Whilst it wasn't one of the most romantic ways to propose, it's certainly.
Made for a great story.
Have a listen.
Now you guys got married last year?
Yeah, and September finally, congratulations, great stuff.
It was a lot of fun.
Was there a proposal? Take us through that and who proposed.
Multiple It's a bone of contention within our relationship. Really, I mean, I've made it that way it Do you mean to tell my version.
Of the story and then you can Reese's version of this story is stand up so.
You'll get Yeah, I love it.
I'm buying a ticket.
Here we go.
Well, I mean, I actually don't remember how the stand up used to go, But essentially what happened was we went to a friend's wedding after we'd been together for quite a while, but not like maybe five years, maybe maybe five or six. Marriage wasn't legal at the time for us, Yeah, gay marriage wasn't wasn't legal in it right, But we had gone to a friend's wedding and it was a pretty like incredible one, one of those ones that you're like, oh, this is what all weddings should
be like. And then we found out how much it cost. It was like, oh god, no wedding should be like this. And Karen was doing breakfast radio at the time and had to be home quite early, so the idea was we'll go to the reception for a little while. And then I just accidentally got like blind on wedding champagnes, just in that kind of you can't count kind of ways where they just keep filling it up and people are doing speech, Yeah, keep filling it up and filling
it up. And Karen was not drunk at all, and I was just like making I wasn't a nuisance, but I was just getting getting champagne. Yeah, okay, But I do remember being and this is not a feeling that I usually have, but like I was quite overwhelmed by like the loveliness of it. Like I'm a pretty cynical person most of the time, but I was say, like, this is so beautiful and like this is how and some of our best friends are doing speeches and blah blah blah, and I kind of already planned in my head.
I was like, I think I'm going to propose to Karen, Like this is a few weeks before, and I was trying to think of like a way to do it, and I hadn't organized like a ring or anything. And then Karen like got me home and like with putting me to bed in that way that only I think certain, but like that kind of like come on, mate, nine.
Nights down she goes shoes off.
I think, yeah, that kind of like you're very not sexy undressing of your partner.
Yeah, yeah.
And I was just I kept saying this phrase that was like it was just such a good wedding. Wasn't it a good wedding?

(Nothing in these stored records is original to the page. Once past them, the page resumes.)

lemma AE_P_path_fibre:
  assumes g: "g \<in> space G"
  shows "AE w in P g. w \<in> path_space G t \<and> t (shd w) = t g"
proof -
  have "AE w in P g. \<forall>k. w !! k \<in> {h\<in>space G. t h = t g}"
  proof (rule AE_P_stays_in[OF t_fibre_sets[OF t_space[OF g]]])
    fix h assume "h \<in> {h\<in>space G. t h = t g}"
    then show "AE h' in K h. h' \<in> {h\<in>space G. t h = t g}"
      using AE_reflected_transition_fibre[of h] by simp
  qed (use g in simp)
  then show ?thesis
    using AE_space
  proof eventually_elim
    case (elim w)
    then show ?case using in_path_fibreI[of w "t g"] by (simp add: space_P[OF g])
  qed
qed

lemma AE_stl_stable_invariant:
  assumes A: "stable_invariant G t A" and g: "g \<in> space G"
  shows "AE w in P g. stl w \<in> A \<longleftrightarrow> w \<in> A"
  using AE_P_path_fibre[OF g]
proof eventually_elim
  case (elim w)
  then have "stl w \<in> space (stream_space G)"
    using path_space_subset by (auto simp: space_stream_space streams_stl)
  then have "stl w \<in> path_space G t"
    using in_path_fibreI[of "stl w" "t g"] path_fibre_snth[of w "t g" "Suc _"] elim by simp
  moreover have "stably_equiv w (stl w)"
    unfolding stably_equiv_def by (rule exI[of _ 1], rule exI[of _ 0]) simp
  ultimately show ?case using A elim unfolding stable_invariant_def by blast
qed

lemma reflected_transition_unit:
  assumes x: "x \<in> space X" and fibre: "AE h in piCK x. t h = x"
  shows "K (u x) = piCK x"
proof (rule measure_eqI)
  show "sets (K (u x)) = sets (piCK x)" by (simp add: sets_reflected_transition sets_piCK[OF x])
  fix E assume E: "E \<in> sets (K (u x))"
  then have E_G: "E \<in> sets G" by (simp add: sets_reflected_transition)
  have "emeasure (K (u x)) E = emeasure (piCK x) (lmult_vimage (u x) E)"
    using emeasure_reflected_transition[OF u_space[OF x] E_G] s_unit[OF x] by simp
  also have "\<dots> = emeasure (piCK x) E"
  proof (rule emeasure_eq_AE)
    show "AE h in piCK x. h \<in> lmult_vimage (u x) E \<longleftrightarrow> h \<in> E"
      using fibre AE_space
      by eventually_elim (auto simp: lmult_vimage_def space_piCK[OF x] s_unit[OF x] mult_unit_left)
    show "lmult_vimage (u x) E \<in> sets (piCK x)" "E \<in> sets (piCK x)"
      using sets_lmult_vimage[OF u_space[OF x] E_G] E_G by (simp_all add: sets_piCK[OF x])
  qed
  finally show "emeasure (K (u x)) E = emeasure (piCK x) E" .
qed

I just kept like saying over and over it was just a beautiful wedding. And Kara was like trying to go to sleep, and it's like, yeah, it was really great.
I gotta go to sleep.
And it's also four am.
Yeah, I've got to be on air in like two hours. And I just had this like epiphany moment whatever a negative epiphany is, and I said.
Hey, would you it was a good wedding and would you.
Do that also?
And Karen was like sorry, what, And I said, would would you would you do that also? And he's like and like I remember the lamp going back on and him like sitting up and going, are you are you proposing.
To me right now?
And I was like yeah.
And then I remember him saying, well, if you're going to propose to me, you need if you asked me to marry you need to actually ask me to marry you. And I just said, fine, will you fucking marry me? That was my proposal?

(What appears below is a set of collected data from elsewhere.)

lemma LCP_le_LCPd_if_Ndd:
  assumes "F1' \<in> Ndd N D d1 F1" and "F2' \<in> Ndd N D d2 F2" and "\<lfloor>d1 + d2\<rfloor> \<le> int d"
  shows "LCP F1' F2' \<le> LCPd d F1 F2"
proof (rule le_LCPd)
  have l: "length F1' = length F1" "length F2' = length F2"
    and r: "relaxed_distance F1 F1' \<le> d1" "relaxed_distance F2 F2' \<le> d2"
    using assms(1,2) by (auto simp: Ndd_iff)
  show "LCP F1' F2' \<le> min (length F1) (length F2)" using LCP_le_length[of F1' F2'] l by simp
  have "real (hamming (take (LCP F1' F2') F1) (take (LCP F1' F2') F2)) \<le> d1 + d2"
    using hamming_take_LCP_le_relaxed_distance[OF l] r by linarith
  then show "hamming (take (LCP F1' F2') F1) (take (LCP F1' F2') F2) \<le> d"
    using assms(3) by (metis floor_mono floor_of_nat of_nat_le_iff order.trans)
qed

context
  fixes d :: nat and U V :: "'a list" and U' V' :: "'a option list"
  assumes pair: "is_pair d U V U' V'"
begin

private lemma LCPd_le_lengths: "LCPd d U V \<le> length U" "LCPd d U V \<le> length V"
  using LCPd_le_length[of d U V] by auto

private lemma pair_lengths: "length U' = length U" "length V' = length V"
  using pair unfolding is_pair_def by auto

private lemma pair_keeps_U: "i < length U \<Longrightarrow> LCPd d U V \<le> i \<or> U ! i = V ! i \<Longrightarrow> U' ! i = Some (U ! i)"
  using pair unfolding is_pair_def by blast

private lemma pair_keeps_V: "i < length V \<Longrightarrow> LCPd d U V \<le> i \<or> U ! i = V ! i \<Longrightarrow> V' ! i = Some (V ! i)"
  using pair unfolding is_pair_def by blast

private lemma pair_mismatch:
  "i < LCPd d U V \<Longrightarrow> U ! i \<noteq> V ! i \<Longrightarrow> U' ! i = V' ! i \<and> U' ! i \<in> {Some (U ! i), Some (V ! i), None}"
  using pair unfolding is_pair_def by blast

lemma LCPd_le_LCP_pair: "LCPd d U V \<le> LCP U' V'"
proof (rule le_LCP)
  show "LCPd d U V \<le> min (length U') (length V')" using LCPd_le_lengths pair_lengths by simp
  have "U' ! i = V' ! i" if "i < LCPd d U V" for i
    using that LCPd_le_lengths pair_keeps_U pair_keeps_V pair_mismatch by (cases "U ! i = V ! i") auto
  then show "take (LCPd d U V) U' = take (LCPd d U V) V'"
    using LCPd_le_lengths pair_lengths by (intro nth_equalityI) auto
qed

lemma relaxed_distance_pair_le:
  "relaxed_distance U U' + relaxed_distance V V' \<le> real (hamming (take (LCPd d U V) U) (take (LCPd d U V) V))"
proof -
  have "(\<Sum>i<length U. position_cost U U' i) = (\<Sum>i<LCPd d U V. position_cost U U' i)"
    using LCPd_le_lengths pair_keeps_U by (intro sum.mono_neutral_right) (auto simp: position_cost_def)
  moreover have "(\<Sum>i<length V. position_cost V V' i) = (\<Sum>i<LCPd d U V. position_cost V V' i)"
    using LCPd_le_lengths pair_keeps_V by (intro sum.mono_neutral_right) (auto simp: position_cost_def)
  moreover have "(\<Sum>i<LCPd d U V. position_cost U U' i + position_cost V V' i)
                   \<le> (\<Sum>i<LCPd d U V. if U ! i \<noteq> V ! i then 1 else 0)"
  proof (rule sum_mono)
    fix i assume "i \<in> {..<LCPd d U V}"
    then show "position_cost U U' i + position_cost V V' i \<le> (if U ! i \<noteq> V ! i then 1 else 0)"
      using LCPd_le_lengths pair_keeps_U pair_keeps_V pair_mismatch[of i]
      by (cases "U ! i = V ! i") (auto simp: position_cost_def)
  qed
  ultimately show ?thesis
    using LCPd_le_lengths by (simp add: relaxed_distance_eq_sum pair_lengths sum.distrib hamming_take
        real_card_eq_sum_indicator)
qed

lemma hamming_lift_pair_le:
  "hamming (lift U) U' \<le> hamming (take (LCPd d U V) U) (take (LCPd d U V) V)"
  "hamming (lift V) V' \<le> hamming (take (LCPd d U V) U) (take (LCPd d U V) V)"
  unfolding hamming_lift[OF pair_lengths(1)] hamming_lift[OF pair_lengths(2)] hamming_take[OF LCPd_le_lengths]
  using LCPd_le_lengths pair_keeps_U pair_keeps_V by (auto intro!: card_mono, (meson not_le)+)

lemma pair_in_Ndd:
  assumes "U' \<in> N U" and "V' \<in> N V" and "d \<le> D"
  obtains d2 where "d2 \<in> half_integers" "0 \<le> d2" "d2 \<le> real d - relaxed_distance U U'"
    "U' \<in> Ndd N D (real d - d2) U" "V' \<in> Ndd N D d2 V"
proof
  have bound: "hamming (take (LCPd d U V) U) (take (LCPd d U V) V) \<le> d" by (rule hamming_take_LCPd)
  show "relaxed_distance V V' \<in> half_integers" by (rule relaxed_distance_in_half_integers)
  show "0 \<le> relaxed_distance V V'" by (rule relaxed_distance_nonneg[OF pair_lengths(2)])
  show "relaxed_distance V V' \<le> real d - relaxed_distance U U'"
    using relaxed_distance_pair_le bound by (smt (verit) of_nat_le_iff)
  then show "U' \<in> Ndd N D (real d - relaxed_distance V V') U" "V' \<in> Ndd N D (relaxed_distance V V') V"
    using assms pair_lengths hamming_lift_pair_le bound by (auto simp: Ndd_iff)
qed

end

theorem lemma9:
  fixes \<F> :: "'a list set" and N :: "'a list \<Rightarrow> 'a option list set" and k :: nat
  assumes "finite \<F>" and "k_complete k \<F> N"
  shows "\<forall>F1\<in>\<F>. \<forall>F2\<in>\<F>. \<forall>d::nat. d \<le> k \<longrightarrow>
    LCPd d F1 F2 =
      Max {LCP F1' F2' | d1 d2 F1' F2'.
             d1 \<in> half_integers \<and> d2 \<in> half_integers \<and>
             0 \<le> d1 \<and> d1 \<le> real d \<and> 0 \<le> d2 \<and> d2 \<le> real d \<and> d1 + d2 = real d \<and>
             F1' \<in> Ndd N d d1 F1 \<and> F2' \<in> Ndd N d d2 F2}
    \<and> LCPd d F1 F2 =
      Max {LCP F1' F2' | d1 d2 F1' F2'.
             d1 \<in> half_integers \<and> d2 \<in> half_integers \<and>
             0 \<le> d1 \<and> d1 \<le> real k \<and> 0 \<le> d2 \<and> d2 \<le> real k \<and>
             \<lfloor>d1 + d2\<rfloor> \<le> int d \<and>
             F1' \<in> Ndd N k d1 F1 \<and> F2' \<in> Ndd N k d2 F2}"
  apply (intro ballI allI impI)
  subgoal premises F for F1 F2 d
  proof -
    obtain U' V' where P: "is_pair d F1 F2 U' V'" and UN: "U' \<in> N F1" and VN: "V' \<in> N F2"
      using assms(2) F unfolding k_complete_def by blast
    have U'_nonneg: "0 \<le> relaxed_distance F1 U'"
      using P by (intro relaxed_distance_nonneg) (simp add: is_pair_def)
    obtain c where c: "c \<in> half_integers" "0 \<le> c" "c \<le> real d - relaxed_distance F1 U'"
      "U' \<in> Ndd N d (real d - c) F1" "V' \<in> Ndd N d c F2"
      using pair_in_Ndd[OF P UN VN order.refl] by blast
    obtain c' where c': "c' \<in> half_integers" "0 \<le> c'" "c' \<le> real d - relaxed_distance F1 U'"
      "U' \<in> Ndd N k (real d - c') F1" "V' \<in> Ndd N k c' F2"
      using pair_in_Ndd[OF P UN VN F(3)] by blast
    have attained: "LCP U' V' = LCPd d F1 F2"
      using LCPd_le_LCP_pair[OF P] LCP_le_LCPd_if_Ndd[OF c(4,5), of d] by simp
    have half: "real d - x \<in> half_integers" if "x \<in> half_integers" for x
      using that by (intro half_integers_diff of_nat_in_half_integers)
    show ?thesis
      apply (intro conjI Max_nat_eqI[symmetric])
      subgoal by (auto intro: LCP_le_LCPd_if_Ndd)
      subgoal unfolding attained[symmetric] using c U'_nonneg half[OF c(1)]
        by (intro CollectI exI[of _ "real d - c"] exI[of _ c] exI[of _ U'] exI[of _ V']) auto
      subgoal by (auto intro: LCP_le_LCPd_if_Ndd)
      subgoal unfolding attained[symmetric] using c' U'_nonneg half[OF c'(1)] F(3)
        by (intro CollectI exI[of _ "real d - c'"] exI[of _ c'] exI[of _ U'] exI[of _ V']) auto
      done
  qed
  done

I said yes, And then I went to work that morning and I was on air with Gentfricker at the time on Triple J, and I knew that when I got home from work, I would have to see if Reese remembered proposing to me.
Yeah.
Yeah, So I wasn't able to yet tell anyone, share the news with anyone in case.
I got excitement.
Yeah, So I'm just holding that in. And then when I got home, I was like a little budgy.
Like, hello, do you do you remember anything about this morning?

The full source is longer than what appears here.